Other side effects have included fever with oral temperature >=102 degrees F (39 degrees C) and febrile seizures (in <0.1% of children).
Dermatologic side effects have included rash, contact rash, heat rash/prickly heat, eczema/dry skin/dermatitis, and itching; however, causality was not determined. A generalized varicella-like rash has been reported in 5.5% of adolescents and adults within 7 to 21 days after the first dose and in 0.9% within 0 to 23 days after the second dose. Stevens-Johnson syndrome, erythema multiforme, Henoch-Schoenlein purpura, secondary bacterial skin and soft tissue infections including impetigo and cellulitis, and herpes zoster have also been reported.
Gastrointestinal side effects have included diarrhea, loss of appetite, vomiting, teething, abdominal pain, nausea, and constipation; however, causality was not determined.
Hypersensitivity reactions have included anaphylaxis, allergic rash, and hives.
Hematologic side effects have included thrombocytopenia.

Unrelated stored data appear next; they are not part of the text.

lemma wedge_dx1:
  assumes "i \<in> idx8"
  shows "wedge (dx1 i) \<beta> K =
    (if K \<subseteq> idx8 \<and> i \<in> K then insert_sign i (K - {i}) * \<beta> (K - {i}) else 0)"
proof -
  have "flat (\<lambda>j. if j = i then 1 else 0) J = (\<Sum>j\<in>idx8. if j = i then dx1 i J else 0)" for J
    unfolding flat_def by (rule sum.cong) auto
  then have dx1_eq: "dx1 i = flat (\<lambda>j. if j = i then 1 else 0)"
    using assms by (simp add: fun_eq_iff)
  have "(\<Sum>j\<in>K. (if j = i then 1 else 0) * insert_sign j (K - {j}) * \<beta> (K - {j}))
      = (\<Sum>j\<in>K. if j = i then insert_sign i (K - {i}) * \<beta> (K - {i}) else 0)"
    by (rule sum.cong) auto
  then show ?thesis
    unfolding dx1_eq by (simp add: wedge_flat finite_subset_idx8 sum.delta')
qed

lemma dxl_eq:
  "distinct l \<Longrightarrow> set l \<subseteq> idx8 \<Longrightarrow> dxl l K = (if K = set l then sort_sign l else 0)"
proof (induction l arbitrary: K)
  case Nil
  then show ?case
    by (simp add: dxl_def form_one_def)
next
  case (Cons i l)
  then have "dxl (i # l) K =
      (if K \<subseteq> idx8 \<and> i \<in> K then insert_sign i (K - {i}) * (if K - {i} = set l then sort_sign l else 0)
       else 0)"
    by (simp add: dxl_def wedge_dx1)
  also have "\<dots> = (if K = set (i # l) then sort_sign (i # l) else 0)"
  proof (cases "K = insert i (set l)")
    case True
    then have "K - {i} = set l"
      using Cons.prems by auto
    then show ?thesis
      using True Cons.prems by (simp add: insert_sign_set)
  qed auto
  finally show ?case .
qed

lemma spin7_form_eq: "spin7_form K =
   (if K = {0,1,2,3} then 1 else 0) - (if K = {0,1,6,7} then 1 else 0)
 - (if K = {0,5,2,7} then - 1 else 0) - (if K = {0,5,6,3} then 1 else 0)
 + (if K = {0,4,1,5} then - 1 else 0) + (if K = {0,4,2,6} then - 1 else 0)
 + (if K = {0,4,3,7} then - 1 else 0) + (if K = {4,5,6,7} then 1 else 0)
 - (if K = {4,5,2,3} then 1 else 0) - (if K = {4,1,6,3} then - 1 else 0)
 - (if K = {4,1,2,7} then 1 else 0) + (if K = {2,6,3,7} then - 1 else 0)
 + (if K = {1,5,3,7} then - 1 else 0) + (if K = {1,5,2,6} then - 1 else 0)"
  unfolding spin7_form_def by (simp add: dxl_eq idx8_eq split del: if_split cong: if_cong)

definition spin7_support :: "nat set set" where
  "spin7_support = {{0,1,2,3}, {0,1,6,7}, {0,5,2,7}, {0,5,6,3}, {0,4,1,5}, {0,4,2,6}, {0,4,3,7},
     {4,5,6,7}, {4,5,2,3}, {4,1,6,3}, {4,1,2,7}, {2,6,3,7}, {1,5,3,7}, {1,5,2,6}}"

lemma spin7_form_outside_support: "K \<notin> spin7_support \<Longrightarrow> spin7_form K = 0"
  unfolding spin7_form_eq spin7_support_def by (simp split del: if_split)

lemma homogeneous_spin7_form: "homogeneous 4 spin7_form"
proof -
  have "K \<subseteq> idx8 \<and> card K = 4" if "K \<in> spin7_support" for K
    using that unfolding spin7_support_def idx8_eq by (elim insertE emptyE) simp_all
  then show ?thesis
    using spin7_form_outside_support by (auto simp: homogeneous_def)
qed

lemma sgn_pair_eq_power_sum:
  "finite A \<Longrightarrow> finite C \<Longrightarrow> sgn_pair A C = (-1) ^ (\<Sum>a\<in>A. \<Sum>c\<in>C. if c < a then 1 else 0)"
proof -
  assume "finite A" "finite C"
  have "{(i, j). i \<in> A \<and> j \<in> C \<and> j < i} = Sigma A (\<lambda>i. {j \<in> C. j < i})"
    by auto
  moreover have "card {j \<in> C. j < a} = (\<Sum>c\<in>C. if c < a then 1 else 0)" for a
    unfolding card_eq_sum using \<open>finite C\<close> by (rule sum.inter_filter)
  ultimately show ?thesis
    using \<open>finite A\<close> \<open>finite C\<close> by (simp add: sgn_pair_def card_SigmaI)
qed

lemma subset_idx8_eq_iff: "A \<subseteq> idx8 \<Longrightarrow> B \<subseteq> idx8 \<Longrightarrow> A = B \<longleftrightarrow> (\<forall>x\<in>idx8. x \<in> A \<longleftrightarrow> x \<in> B)"
  by blast

lemma hodge_spin7_form_on_support: "J \<in> spin7_support \<Longrightarrow> hodge spin7_form J = spin7_form J"
  unfolding spin7_support_def
  by (elim insertE emptyE; simp only:; simp add: hodge_def spin7_form_eq idx8_eq subset_idx8_eq_iff
      sgn_pair_eq_power_sum insert_Diff_if split del: if_split)

lemma compl_spin7_support: "S \<in> spin7_support \<Longrightarrow> idx8 - S \<in> spin7_support"
  unfolding spin7_support_def
  by (elim insertE emptyE; simp only:; simp add: idx8_eq subset_idx8_eq_iff insert_Diff_if)

lemma hodge_spin7_form: "hodge spin7_form = spin7_form"
proof
  fix J
  show "hodge spin7_form J = spin7_form J"
  proof (cases "J \<in> spin7_support")
    case False
    then have "idx8 - J \<notin> spin7_support" if "J \<subseteq> idx8"
      using compl_spin7_support[of "idx8 - J"] that by (auto simp: double_diff)
    then show ?thesis
      using False by (simp add: hodge_def spin7_form_outside_support)
  qed (rule hodge_spin7_form_on_support)
qed

section \<open>The norm of \<open>v \<and> w\<close>\<close>

definition form_inner :: "form \<Rightarrow> form \<Rightarrow> real" where
  "form_inner \<alpha> \<beta> = (\<Sum>I\<in>Pow idx8. \<alpha> I * \<beta> I)"

lemma form_inner_commute: "form_inner \<alpha> \<beta> = form_inner \<beta> \<alpha>"
  by (simp add: form_inner_def mult.commute)

lemma form_inner_right_simps:
  "form_inner \<alpha> (\<beta> - \<gamma>) = form_inner \<alpha> \<beta> - form_inner \<alpha> \<gamma>"
  "form_inner \<alpha> (const_form c * \<beta>) = c * form_inner \<alpha> \<beta>"
  "form_inner \<alpha> (restrict_idx8 \<beta>) = form_inner \<alpha> \<beta>"
  by (auto simp: form_inner_def sum_subtractf right_diff_distrib sum_distrib_left restrict_idx8_def
      mult_ac intro!: sum.cong)

lemma form_inner_wedge_flat: "form_inner (wedge (flat v) \<alpha>) \<beta> = form_inner \<alpha> (interior v \<beta>)"
proof -
  have "form_inner (wedge (flat v) \<alpha>) \<beta>
      = (\<Sum>K\<in>Pow idx8. \<Sum>i\<in>K. v i * insert_sign i (K - {i}) * \<alpha> (K - {i}) * \<beta> K)"
    unfolding form_inner_def by (rule sum.cong[OF refl]) (auto simp: wedge_flat sum_distrib_right)
  also have "\<dots> = (\<Sum>(K, i)\<in>Sigma (Pow idx8) (\<lambda>K. K). v i * insert_sign i (K - {i}) * \<alpha> (K - {i}) * \<beta> K)"
    by (rule sum.Sigma) (auto simp: finite_subset_idx8)
  also have "\<dots> = (\<Sum>(J, j)\<in>Sigma (Pow idx8) (\<lambda>J. idx8 - J). v j * insert_sign j J * \<alpha> J * \<beta> (insert j J))"
    by (rule sum.reindex_bij_witness[where i = "\<lambda>(J, j). (insert j J, j)" and j = "\<lambda>(K, i). (K - {i}, i)"])
      (auto simp: insert_absorb)
  also have "\<dots> = (\<Sum>J\<in>Pow idx8. \<Sum>j\<in>idx8 - J. v j * insert_sign j J * \<alpha> J * \<beta> (insert j J))"
    by (rule sum.Sigma[symmetric]) auto
  also have "\<dots> = form_inner \<alpha> (interior v \<beta>)"
    unfolding form_inner_def
    by (rule sum.cong[OF refl]) (auto simp: interior_eq sum_distrib_left mult_ac)
  finally show ?thesis .
qed

lemma form_inner_wedge_flat_self:
  "form_inner (wedge (flat v) \<beta>) (wedge (flat v) \<beta>)
     = inner8 v v * form_inner \<beta> \<beta> - form_inner (interior v \<beta>) (interior v \<beta>)"
proof -
  have "form_inner (wedge (flat v) \<beta>) (wedge (flat v) \<beta>) = form_inner \<beta> (interior v (wedge (flat v) \<beta>))"
    by (rule form_inner_wedge_flat)
  also have "\<dots> = inner8 v v * form_inner \<beta> \<beta> - form_inner \<beta> (wedge (flat v) (interior v \<beta>))"
    by (simp add: interior_wedge_flat form_inner_right_simps)
  also have "form_inner \<beta> (wedge (flat v) (interior v \<beta>)) = form_inner (interior v \<beta>) (interior v \<beta>)"
    by (simp add: form_inner_commute[of \<beta>] form_inner_wedge_flat)
  finally show ?thesis .
qed

lemma form_inner_flat: "form_inner (flat v) (flat w) = inner8 v w"
proof -
  have "form_inner (flat v) (flat w) = (\<Sum>K\<in>(\<lambda>i. {i}) ` idx8. flat v K * flat w K)"
    unfolding form_inner_def
    by (rule sum.mono_neutral_right) (auto intro!: flat_non_singleton)
  also have "\<dots> = inner8 v w"
    by (simp add: sum.reindex inner8_def flat_singleton)
  finally show ?thesis .
qed

lemma interior_flat: "interior v (flat w) = const_form (inner8 v w) * form_one"
proof
  fix I
  have "flat w (insert j I) = 0" if "I \<noteq> {}" "j \<notin> I" for j
    using that by (intro flat_non_singleton) auto
  then show "interior v (flat w) I = (const_form (inner8 v w) * form_one) I"
    by (auto simp: interior_eq form_one_def inner8_def insert_sign_def flat_singleton intro!: sum.cong)
qed

lemma biv_norm_squared: "(biv_norm v w)\<^sup>2 = inner8 v v * inner8 w w - (inner8 v w)\<^sup>2"
proof -
  have "(biv_norm v w)\<^sup>2 = form_inner (wedge (flat v) (flat w)) (wedge (flat v) (flat w))"
    by (simp add: biv_norm_def form_norm_def form_inner_def power2_eq_square sum_nonneg)
  also have "\<dots> = inner8 v v * inner8 w w - form_inner (interior v (flat w)) (interior v (flat w))"
    by (simp add: form_inner_wedge_flat_self form_inner_flat)
  also have "form_inner (interior v (flat w)) (interior v (flat w)) = (inner8 v w)\<^sup>2"
    by (simp add: interior_flat form_inner_def form_one_def power2_eq_square if_distrib sum.delta
        cong: if_cong)
  finally show ?thesis .
qed

lemma biv_norm_nonneg: "0 \<le> biv_norm v w"
  by (simp add: biv_norm_def form_norm_def sum_nonneg)

section \<open>Uniqueness of solutions\<close>

lemma gronwall_zero_forward:
  fixes E E' :: "real \<Rightarrow> real"
  assumes deriv: "\<And>s. (E has_real_derivative E' s) (at s)"
    and growth: "\<And>s. E' s \<le> K * E s"
    and initial: "E 0 = 0" and nonneg: "\<And>s. 0 \<le> E s" and "0 \<le> t"
  shows "E t = 0"
proof -
  define g where "g s = E s * exp (- K * s)" for s
  have "g t \<le> g 0"
  proof (rule DERIV_nonpos_imp_nonincreasing[OF \<open>0 \<le> t\<close>])
    fix x
    have "(g has_real_derivative (E' x - K * E x) * exp (- K * x)) (at x)"
      unfolding g_def by (auto intro!: derivative_eq_intros deriv simp: algebra_simps)
    moreover have "(E' x - K * E x) * exp (- K * x) \<le> 0"
      using growth[of x] by (simp add: mult_nonpos_nonneg)
    ultimately show "\<exists>y. (g has_real_derivative y) (at x) \<and> y \<le> 0"
      by blast
  qed
  then have "E t \<le> 0"
    using initial by (simp add: g_def mult_le_0_iff)
  with nonneg[of t] show ?thesis
    by simp
qed

lemma gronwall_zero:
  fixes E E' :: "real \<Rightarrow> real"
  assumes deriv: "\<And>s. (E has_real_derivative E' s) (at s)"
    and growth: "\<And>s. \<bar>E' s\<bar> \<le> K * E s"
    and initial: "E 0 = 0" and nonneg: "\<And>s. 0 \<le> E s"
  shows "E t = 0"
proof (cases "0 \<le> t")
  case True
  show ?thesis
    by (rule gronwall_zero_forward[OF deriv _ initial nonneg True]) (use growth abs_le_D1 in blast)
next
  case False
  have "(\<lambda>s. E (- s)) (- t) = 0"
  proof (rule gronwall_zero_forward[where E = "\<lambda>s. E (- s)" and E' = "\<lambda>s. - E' (- s)" and K = K])
    show "((\<lambda>s. E (- s)) has_real_derivative - E' (- s)) (at s)" for s
      using deriv[of "- s"] by (simp add: DERIV_mirror)
    show "- E' (- s) \<le> K * E (- s)" for s
      using growth[of "- s"] by linarith
  qed (use initial nonneg False in auto)
  then show ?thesis
    by simp
qed

lemma sum_abs_squared_le: "(\<Sum>i\<in>A. \<bar>f i\<bar>)\<^sup>2 \<le> real (card A) * (\<Sum>i\<in>A. (f i)\<^sup>2)"
  for f :: "'a \<Rightarrow> real"
proof -
  have "(\<Sum>i\<in>A. \<bar>f i\<bar>)\<^sup>2 = (\<Sum>i\<in>A. \<Sum>j\<in>A. \<bar>f i\<bar> * \<bar>f j\<bar>)"
    by (simp add: power2_eq_square sum_product)
  also have "\<dots> \<le> (\<Sum>i\<in>A. \<Sum>j\<in>A. ((f i)\<^sup>2 + (f j)\<^sup>2) / 2)"
  proof (intro sum_mono)
    fix i j
    show "\<bar>f i\<bar> * \<bar>f j\<bar> \<le> ((f i)\<^sup>2 + (f j)\<^sup>2) / 2"
      using sum_squares_bound[of "\<bar>f i\<bar>" "\<bar>f j\<bar>"] by simp
  qed
  also have "\<dots> = real (card A) * (\<Sum>i\<in>A. (f i)\<^sup>2)"
    by (simp add: sum.distrib add_divide_distrib sum_distrib_left[symmetric] flip: sum_divide_distrib)
  finally show ?thesis .
qed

Immunologic side effects have included chronic disseminated verrucous skin lesions associated with a herpes zoster infection which developed in a child who received immunosuppressive chemotherapy starting 5 days postvaccination. The herpes zoster infection developed 3 months after initiation of chemotherapy and then developed into verrucous lesions. DNA isolated from a lesion biopsy revealed the presence of the Oka vaccine strain of varicella virus, which was acyclovir-resistant.
Musculoskeletal side effects have included myalgia and arthralgia; however, causality was not determined.
Nervous system side effects have included irritability, nervousness, fatigue, and disturbed sleep; however, causality was not determined. Encephalitis, cerebrovascular accident, transverse myelitis, Guillain-Barre syndrome, Bell's palsy, ataxia, nonfebrile seizures, dizziness, and paresthesia have also been reported.
Respiratory side effects have included upper and lower respiratory illness, cough, and pneumonitis (in <1% of children); however, causality was not determined.
Headache, lymphadenopathy, otitis, eye complaints, and stiff neck have also been reported; however, causality was not determined.